As you can see, the way Ripple works is similar to a blockchain in the sense that multiple nodes are used to process a transaction. However, the system doesn’t use proof of work like Bitcoin. Proof of work is a process whereby miner on the Bitcoin blockchain completes a complex equation. Once the work has been shown, the block is accepted into the blockchain and the transactions within it are processed.

Instead, Ripple’s model is consensus-based. The data is transmitted to the validating servers and, once  consensus is reached (i.e. they all shows the same data), the transaction is cleared. Based on this, the Ripple network can process 1,500 transactions per second (tps). Bitcoin can handle between three and six tps, while Ethereum can achieve 15 tps. This efficiency and speed is the main reason banks and major payment processors are exploring the uses of Ripple.

xRapid’s Speed Makes Ripple a Hot Commodity

Through the xRapid platform, banks can use the Ripple coin (XRP) to move money across borders. Under SWIFT banking system, cross-border payments have to go through multiple parties before they’re validated. Whenever you have to connect more than two dots, processing times increase. With xRapid, financial institutions can use XRP as an on-demand liquidity source. In practice, this means financial transactions can be turned into a digital asset (XRP) and then processed via the Ripple network.

Because Ripple is borderless, it doesn’t need to go through multiple parties. In tandem with the inherent speed of Ripple, this means cross-border payments and large transactions can be processed a lot faster, which is why banks are hot on it.

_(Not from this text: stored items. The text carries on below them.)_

lemma inj_on_cot_shifted_angles:
  assumes "\<forall>m::int. \<alpha> \<noteq> of_int m * pi" "n > 0"
  shows "inj_on (\<lambda>k. cot ((\<alpha> + real k * pi) / real n)) {..<n}"
proof (rule inj_onI)
  fix k k' assume k: "k \<in> {..<n}" and k': "k' \<in> {..<n}"
    and "cot ((\<alpha> + real k * pi) / real n) = cot ((\<alpha> + real k' * pi) / real n)"
  then obtain m :: int
    where "(\<alpha> + real k' * pi) / real n - (\<alpha> + real k * pi) / real n = of_int m * pi"
    using cot_eq_imp_diff_int_pi sin_shifted_angle_nonzero[OF assms] by blast
  hence "(real k' - real k) * pi / real n = of_int m * pi"
    by (simp add: diff_divide_distrib[symmetric] algebra_simps)
  hence "(real k' - real k) * pi = (of_int m * real n) * pi"
    using assms(2) by (simp add: divide_eq_eq)
  hence "real_of_int (int k' - int k) = real_of_int (m * int n)" by simp
  hence diff: "int k' - int k = m * int n" by (simp only: of_int_eq_iff)
  have "\<bar>int k' - int k\<bar> < int n" using k k' by auto
  moreover have "m \<noteq> 0 \<Longrightarrow> int n \<le> \<bar>m * int n\<bar>"
    by (simp add: abs_mult mult_le_cancel_right1, linarith)
  ultimately have "m = 0" using diff by fastforce
  with diff show "k = k'" by simp
qed

lemma poly_eq_prod_of_distinct_roots:
  fixes p :: "'a :: idom poly"
  assumes "degree p \<le> n" "coeff p n = 1" "inj_on r {..<n}" "\<And>k. k < n \<Longrightarrow> poly p (r k) = 0"
  shows "p = (\<Prod>k<n. [:- r k, 1:])"
proof (rule poly_eqI_degree_lead_coeff[of p n _ "r ` {..<n}"])
  have degree_prod: "degree (\<Prod>k<n. [:- r k, 1:]) = n"
    by (subst degree_prod_sum_eq) auto
  moreover have "lead_coeff (\<Prod>k<n. [:- r k, 1:]) = 1" by (simp add: lead_coeff_prod)
  ultimately show "coeff p n = coeff (\<Prod>k<n. [:- r k, 1:]) n" using assms(2) by simp
  show "degree (\<Prod>k<n. [:- r k, 1:]) \<le> n" using degree_prod by simp
  show "n \<le> card (r ` {..<n})" using assms(3) by (simp add: card_image)
qed (use assms in \<open>auto simp: poly_prod\<close>)

lemma chi_eq_prod:
  assumes "\<forall>m::int. \<alpha> \<noteq> of_int m * pi" "n > 0"
  shows "chi \<alpha> n x = (\<Prod>k<n. x - complex_of_real (cot ((\<alpha> + real k * pi) / real n)))"
proof -
  define a where "a = complex_of_real (cot \<alpha>)"
  define r where "r k = complex_of_real (cot ((\<alpha> + real k * pi) / real n))" for k
  define P where
    "P = smult (1 / (2 * \<i>)) (smult (a + \<i>) ([:-\<i>, 1:] ^ n) - smult (a - \<i>) ([:\<i>, 1:] ^ n))"
  have poly_P: "poly P y = chi \<alpha> n y" for y
    by (simp add: P_def chi_closed_form a_def add.commute)
  have sin_\<alpha>: "sin \<alpha> \<noteq> 0" using assms(1) by (auto simp: sin_zero_iff_int2)
  have "P = (\<Prod>k<n. [:- r k, 1:])"
  proof (rule poly_eq_prod_of_distinct_roots)
    show "degree P \<le> n"
      unfolding P_def
      by (intro order.trans[OF degree_smult_le] order.trans[OF degree_diff_le])
         (auto intro: order.trans[OF degree_smult_le] simp: degree_linear_power)
    show "coeff P n = 1" by (simp add: P_def coeff_linear_power)
    show "inj_on r {..<n}"
      using inj_on_cot_shifted_angles[OF assms] by (simp add: r_def inj_on_def)
    show "poly P (r k) = 0" for k
    proof -
      have "real n * ((\<alpha> + real k * pi) / real n) = \<alpha> + real k * pi" using assms(2) by simp
      then have "(a + \<i>) * (r k - \<i>) ^ n = (a - \<i>) * (r k + \<i>) ^ n"
        unfolding r_def a_def by (rule cot_root[OF sin_\<alpha> sin_shifted_angle_nonzero[OF assms]])
      then show ?thesis by (simp add: poly_P chi_closed_form a_def)
    qed
  qed
  then show ?thesis by (simp flip: poly_P add: poly_prod r_def)
qed

theorem lemma2p1:
  fixes \<alpha> :: real
  assumes "\<forall>m::int. \<alpha> \<noteq> of_int m * pi"
  defines "a \<equiv> complex_of_real (cot \<alpha>)"
  defines "w \<equiv> a + \<i>"
  shows "(\<forall>n\<ge>2. \<forall>x::complex.
            chi \<alpha> n x = (2*x - 2*a + w + cnj w) * chi \<alpha> (n-1) x
                        - (x - a + w) * (x - a + cnj w) * chi \<alpha> (n-2) x)
       \<and> (\<forall>n\<ge>1. \<forall>l::real.
            chi \<alpha> n (complex_of_real l)
              = ((complex_of_real (cot \<alpha>) + \<i>) * (complex_of_real l - \<i>)^n
                 - (complex_of_real (cot \<alpha>) - \<i>) * (complex_of_real l + \<i>)^n) / (2*\<i>)
          \<and> chi \<alpha> n (complex_of_real l)
              = complex_of_real (Im ((complex_of_real (cot \<alpha>) + \<i>) * (complex_of_real l - \<i>)^n)))
       \<and> (\<forall>n\<ge>1. \<forall>x::complex.
            chi \<alpha> n x = (\<Prod>k<n. x - complex_of_real (cot ((\<alpha> + real k * pi) / real n))))"
proof (intro conjI allI impI)
  fix n :: nat and x :: complex assume "n \<ge> 2"
  then obtain m where n: "n = Suc (Suc m)" by (metis add_2_eq_Suc le_Suc_ex)
  have "2*x - 2*a + w + cnj w = 2 * x" and "(x - a + w) * (x - a + cnj w) = x\<^sup>2 + 1"
    by (simp_all add: w_def a_def algebra_simps power2_eq_square)
  then show "chi \<alpha> n x = (2*x - 2*a + w + cnj w) * chi \<alpha> (n-1) x
                        - (x - a + w) * (x - a + cnj w) * chi \<alpha> (n-2) x"
    by (simp add: n chi_recurrence)
next
  fix n :: nat and l :: real
  show "chi \<alpha> n (complex_of_real l)
              = ((complex_of_real (cot \<alpha>) + \<i>) * (complex_of_real l - \<i>)^n
                 - (complex_of_real (cot \<alpha>) - \<i>) * (complex_of_real l + \<i>)^n) / (2*\<i>)"
    by (rule chi_closed_form)
  show "chi \<alpha> n (complex_of_real l)
              = complex_of_real (Im ((complex_of_real (cot \<alpha>) + \<i>) * (complex_of_real l - \<i>)^n))"
    by (rule chi_of_real_eq_Im)
next
  fix n :: nat and x :: complex assume "n \<ge> 1"
  then show "chi \<alpha> n x = (\<Prod>k<n. x - complex_of_real (cot ((\<alpha> + real k * pi) / real n)))"
    using chi_eq_prod[OF assms(1)] by simp
qed

end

For those that want to buy Ripple, this is great news as it’s buoyed the price of XRP over the last two years. However, there are some issues that crypto purists don’t agree with. As Anatoly Castella, CEO of Elpis Investments, said in a July 19 interview with the Express: “[Ripple doesn’t fall under] the purest interpretation of cryptocurrency.”

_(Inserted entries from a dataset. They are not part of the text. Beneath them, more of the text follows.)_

lemma (in prob_space) integral_levy_exponent_Fubini:
  fixes W :: "'a \<Rightarrow> 'b::euclidean_space"
  assumes "finite_measure \<rho>" "sets \<rho> = sets borel" "W \<in> borel_measurable M"
  shows "integrable \<rho> (\<lambda>r. \<integral>\<omega>. 1 - cos (r \<bullet> W \<omega>) \<partial>M)"
    and "(\<integral>r. (\<integral>\<omega>. 1 - cos (r \<bullet> W \<omega>) \<partial>M) \<partial>\<rho>) = (\<integral>\<omega>. levy_exponent \<rho> (W \<omega>) \<partial>M)"
proof -
  interpret R: finite_measure \<rho> by fact
  interpret pair_sigma_finite \<rho> M ..
  interpret RM: finite_measure "\<rho> \<Otimes>\<^sub>M M"
    by (rule finite_measure_pair_measure) (auto simp: assms(1) finite_measure_axioms)
  have "(\<lambda>x. (fst x, W (snd x))) \<in> measurable (\<rho> \<Otimes>\<^sub>M M) (borel \<Otimes>\<^sub>M borel)"
    using measurable_compose[OF measurable_fst measurable_ident_sets[OF assms(2)]]
      measurable_compose[OF measurable_snd assms(3)] by (rule measurable_Pair)
  then have pair: "(\<lambda>x. (fst x, W (snd x))) \<in> measurable (\<rho> \<Otimes>\<^sub>M M) borel"
    unfolding measurable_cong_sets[OF refl sets_pair_measure_borel[OF refl refl]] .
  have kernel: "(\<lambda>(r, w). 1 - cos (r \<bullet> (w::'b))) \<in> borel_measurable borel"
    by (intro borel_measurable_continuous_onI)
      (auto simp: case_prod_beta intro!: continuous_intros)
  have "(\<lambda>(r, \<omega>). 1 - cos (r \<bullet> W \<omega>)) \<in> borel_measurable (\<rho> \<Otimes>\<^sub>M M)"
    using measurable_compose[OF pair kernel] by (simp add: case_prod_beta')
  then have int: "integrable (\<rho> \<Otimes>\<^sub>M M) (\<lambda>(r, \<omega>). 1 - cos (r \<bullet> W \<omega>))"
    by (intro RM.integrable_const_bound[where B=2]) auto
  show "integrable \<rho> (\<lambda>r. \<integral>\<omega>. 1 - cos (r \<bullet> W \<omega>) \<partial>M)"
    using integrable_fst[OF int] .
  show "(\<integral>r. (\<integral>\<omega>. 1 - cos (r \<bullet> W \<omega>) \<partial>M) \<partial>\<rho>) = (\<integral>\<omega>. levy_exponent \<rho> (W \<omega>) \<partial>M)"
    using Fubini_integral[OF int] by (simp add: levy_exponent_def inner_commute)
qed

lemma (in prob_space) expectation_levy_exponent_diff_indep:
  assumes "finite_measure \<rho>" "sets \<rho> = sets borel" "indep_var borel A borel B"
  defines "k \<equiv> \<lambda>r. 1 - Re (charf (distr M borel A) r * cnj (charf (distr M borel B) r))"
  shows "integrable \<rho> k" and "(\<integral>\<omega>. levy_exponent \<rho> (A \<omega> - B \<omega>) \<partial>M) = (\<integral>r. k r \<partial>\<rho>)"
proof -
  have W: "(\<lambda>\<omega>. A \<omega> - B \<omega>) \<in> borel_measurable M"
    using indep_var_rv1[OF assms(3)] indep_var_rv2[OF assms(3)] by auto
  have "(\<integral>\<omega>. 1 - cos (r \<bullet> (A \<omega> - B \<omega>)) \<partial>M) = k r" for r
  proof -
    have "integrable M (\<lambda>\<omega>. cos (r \<bullet> (A \<omega> - B \<omega>)))"
      using W by (intro integrable_bounded[where B=1]) auto
    then show ?thesis
      by (simp add: k_def integral_cos_diff_indep[OF assms(3)] prob_space)
  qed
  then show "integrable \<rho> k" and "(\<integral>\<omega>. levy_exponent \<rho> (A \<omega> - B \<omega>) \<partial>M) = (\<integral>r. k r \<partial>\<rho>)"
    using integral_levy_exponent_Fubini[OF assms(1,2) W] by simp_all
qed

lemma cmod_diff_squared:
  "(cmod (a - b))\<^sup>2 = Re (a * cnj a) + Re (b * cnj b) - 2 * Re (a * cnj b)"
  by (subst cmod_power2) (simp add: power2_eq_square algebra_simps)

lemma (in prob_space) d_rho_squared_energy:
  assumes "finite_measure \<rho>" "sets \<rho> = sets borel"
    and "indep_var borel U borel U'" "indep_var borel U borel V'" "indep_var borel V borel V'"
    and "charf (distr M borel U') = charf (distr M borel U)"
    and "charf (distr M borel V') = charf (distr M borel V)"
  shows "(d_rho \<rho> (distr M borel U) (distr M borel V))\<^sup>2
    = 2 * (\<integral>\<omega>. levy_exponent \<rho> (U \<omega> - V' \<omega>) \<partial>M)
      - (\<integral>\<omega>. levy_exponent \<rho> (U \<omega> - U' \<omega>) \<partial>M) - (\<integral>\<omega>. levy_exponent \<rho> (V \<omega> - V' \<omega>) \<partial>M)"
proof -
  define f where "f = charf (distr M borel U)"
  define g where "g = charf (distr M borel V)"
  define kUV kUU kVV where "kUV r = 1 - Re (f r * cnj (g r))" and "kUU r = 1 - Re (f r * cnj (f r))"
    and "kVV r = 1 - Re (g r * cnj (g r))" for r
  have UV': "integrable \<rho> kUV" "(\<integral>\<omega>. levy_exponent \<rho> (U \<omega> - V' \<omega>) \<partial>M) = (\<integral>r. kUV r \<partial>\<rho>)"
    using expectation_levy_exponent_diff_indep[OF assms(1,2,4)]
    unfolding kUV_def[abs_def] f_def g_def assms(7) by auto
  have UU': "integrable \<rho> kUU" "(\<integral>\<omega>. levy_exponent \<rho> (U \<omega> - U' \<omega>) \<partial>M) = (\<integral>r. kUU r \<partial>\<rho>)"
    using expectation_levy_exponent_diff_indep[OF assms(1,2,3)]
    unfolding kUU_def[abs_def] f_def assms(6) by auto
  have VV': "integrable \<rho> kVV" "(\<integral>\<omega>. levy_exponent \<rho> (V \<omega> - V' \<omega>) \<partial>M) = (\<integral>r. kVV r \<partial>\<rho>)"
    using expectation_levy_exponent_diff_indep[OF assms(1,2,5)]
    unfolding kVV_def[abs_def] g_def assms(7) by auto
  have "(\<lambda>r. (cmod (f r - g r))\<^sup>2) = (\<lambda>r. 2 * kUV r - kUU r - kVV r)"
    by (simp add: cmod_diff_squared kUV_def kUU_def kVV_def algebra_simps)
  then have "(\<integral>r. (cmod (f r - g r))\<^sup>2 \<partial>\<rho>) = 2 * (\<integral>r. kUV r \<partial>\<rho>) - (\<integral>r. kUU r \<partial>\<rho>) - (\<integral>r. kVV r \<partial>\<rho>)"
    using UV'(1) UU'(1) VV'(1) by simp
  moreover have "0 \<le> (\<integral>r. (cmod (f r - g r))\<^sup>2 \<partial>\<rho>)"
    by (intro Bochner_Integration.integral_nonneg) simp
  ultimately show ?thesis
    by (simp add: d_rho_def f_def g_def UV'(2) UU'(2) VV'(2))
qed

lemma integral_sin_inner_sym_levy:
  fixes \<nu> :: "'b::euclidean_space measure"
  assumes "sym_levy_measure \<nu>"
  shows "(\<integral>t. sin (y \<bullet> t) \<partial>\<nu>) = 0"
proof -
  have sets: "sets \<nu> = sets borel"
    and sym: "\<And>B. B \<in> sets \<nu> \<Longrightarrow> emeasure \<nu> (uminus ` B) = emeasure \<nu> B"
    using assms unfolding sym_levy_measure_def by auto
  have uminus: "(uminus :: 'b \<Rightarrow> 'b) \<in> measurable \<nu> borel"
    unfolding measurable_cong_sets[OF sets refl] by simp
  have "distr \<nu> borel uminus = \<nu>"
  proof (rule measure_eqI)
    fix A assume "A \<in> sets (distr \<nu> borel uminus)"
    moreover have "uminus -` A \<inter> space \<nu> = uminus ` A"
      by (auto simp: sets_eq_imp_space_eq[OF sets] image_iff) (metis minus_minus)
    ultimately show "emeasure (distr \<nu> borel uminus) A = emeasure \<nu> A"
      using uminus sets by (simp add: emeasure_distr sym)
  qed (use sets in simp)
  then have "(\<integral>t. sin (y \<bullet> t) \<partial>\<nu>) = (\<integral>t. sin (y \<bullet> (- t)) \<partial>\<nu>)"
    using integral_distr[OF uminus, of "\<lambda>t. sin (y \<bullet> t)"] by simp
  then show ?thesis by simp
qed

lemma levy_exponent_pair_measure:
  fixes \<mu> :: "'m::euclidean_space measure" and \<nu> :: "'n::euclidean_space measure"
  assumes "finite_measure \<mu>" "finite_measure \<nu>" "sets \<mu> = sets borel" "sets \<nu> = sets borel"
    and sin_zero: "\<And>y. (\<integral>t. sin (y \<bullet> t) \<partial>\<nu>) = 0"
  shows "levy_exponent (\<mu> \<Otimes>\<^sub>M \<nu>) (x, y)
    = measure \<nu> (space \<nu>) * levy_exponent \<mu> x + measure \<mu> (space \<mu>) * levy_exponent \<nu> y
      - levy_exponent \<mu> x * levy_exponent \<nu> y"
proof -
  interpret m: finite_measure \<mu> by fact
  interpret n: finite_measure \<nu> by fact
  interpret pair_sigma_finite \<mu> \<nu> ..
  interpret mn: finite_measure "\<mu> \<Otimes>\<^sub>M \<nu>"
    by (rule finite_measure_pair_measure) (auto simp: assms)
  define C where "C = (\<integral>t. cos (y \<bullet> t) \<partial>\<nu>)"
  define D where "D = (\<integral>s. cos (x \<bullet> s) \<partial>\<mu>)"
  have bm: "(\<lambda>t. cos (y \<bullet> t)) \<in> borel_measurable \<nu>" "(\<lambda>t. sin (y \<bullet> t)) \<in> borel_measurable \<nu>"
    "(\<lambda>s. cos (x \<bullet> s)) \<in> borel_measurable \<mu>"
    unfolding measurable_cong_sets[OF assms(4) refl] measurable_cong_sets[OF assms(3) refl]
    by (intro borel_measurable_continuous_onI continuous_intros)+
  have ic: "integrable \<nu> (\<lambda>t. cos (y \<bullet> t))" "integrable \<nu> (\<lambda>t. sin (y \<bullet> t))"
    "integrable \<mu> (\<lambda>s. cos (x \<bullet> s))"
    using bm by (auto intro!: m.integrable_const_bound[where B=1] n.integrable_const_bound[where B=1])
  have inner: "(\<integral>t. 1 - cos (x \<bullet> s + y \<bullet> t) \<partial>\<nu>) = measure \<nu> (space \<nu>) - cos (x \<bullet> s) * C" for s
  proof -
    have "(\<integral>t. 1 - cos (x \<bullet> s + y \<bullet> t) \<partial>\<nu>)
        = (\<integral>t. 1 - cos (x \<bullet> s) * cos (y \<bullet> t) + sin (x \<bullet> s) * sin (y \<bullet> t) \<partial>\<nu>)"
      by (simp add: cos_add algebra_simps)
    also have "\<dots> = measure \<nu> (space \<nu>) - cos (x \<bullet> s) * C + sin (x \<bullet> s) * (\<integral>t. sin (y \<bullet> t) \<partial>\<nu>)"
      using ic by (simp add: C_def)
    finally show ?thesis by (simp add: sin_zero)
  qed
  have "(\<lambda>r. 1 - cos ((x, y) \<bullet> r)) \<in> borel_measurable (\<mu> \<Otimes>\<^sub>M \<nu>)"
    unfolding measurable_cong_sets[OF sets_pair_measure_borel[OF assms(3,4)] refl]
    by (intro borel_measurable_continuous_onI continuous_intros)
  then have "integrable (\<mu> \<Otimes>\<^sub>M \<nu>) (\<lambda>r. 1 - cos ((x, y) \<bullet> r))"
    by (intro mn.integrable_const_bound[where B=2]) auto
  then have "levy_exponent (\<mu> \<Otimes>\<^sub>M \<nu>) (x, y) = (\<integral>s. measure \<nu> (space \<nu>) - cos (x \<bullet> s) * C \<partial>\<mu>)"
    unfolding levy_exponent_def by (simp add: integral_fst'[symmetric] inner)
  also have "\<dots> = measure \<mu> (space \<mu>) * measure \<nu> (space \<nu>) - D * C"
    using ic by (simp add: D_def)
  finally show ?thesis
    using ic by (simp add: levy_exponent_def C_def[symmetric] D_def[symmetric] algebra_simps)
qed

A Decentralized System with a Single Point of Authority

So Ripple isn’t exactly a blockchain. Additionally, Ripple isn’t decentralized. Yes, anyone can become a validating server (node), which means that there isn’t a single point of authority. But the developers of Ripple hold a Unique Node List (UNL). On the one hand, this protects the system and users from rogue operators. On the other, it means that Ripple can technically control which servers are accepted onto the network (so it’s a central authority). What’s more, Ripple only recognizes recommended gateways that follow established financial regulations.

You’ve basically got a network that’s decentralized but only on the surface. Perhaps even more important than this is the fact XRP isn’t mined. Each BTC added to the system is done through Bitcoin mining (coins are the reward for processing a block). This system isn’t controlled and there is a finite number of tokens that can be issued. In contrast, XRP was manufactured. When Ripple went live in 2012, the developers released 100 billion XRP tokens. Once again, this raises the issue of control. What’s more, the Ripple network doesn’t need XRP to function. In fact, Ripple’s own chief marketing strategist, Cory Johnson, told Yahoo Finance in June that “there was no value assigned to the most basic layer of the technology [XRP].”

While BTC is intimately linked to the processing of Bitcoin transactions, users on the Ripple network don’t need XRP tokens. In this sense, Ripple is merely a crypto-like transactional system and not a cryptocurrency. However, as the industry evolves, lines are being blurred. For those loyal to Bitcoin’s original system, Ripple isn’t a cryptocurrency. However, for those entering the market as investors, XRP does have a place in the crypto space. Is Ripple a real cryptocurrency? Technically, it’s not. But, if you’re looking for a crypto investment that something of a hybrid, many will say it’s a good idea to buy Ripple.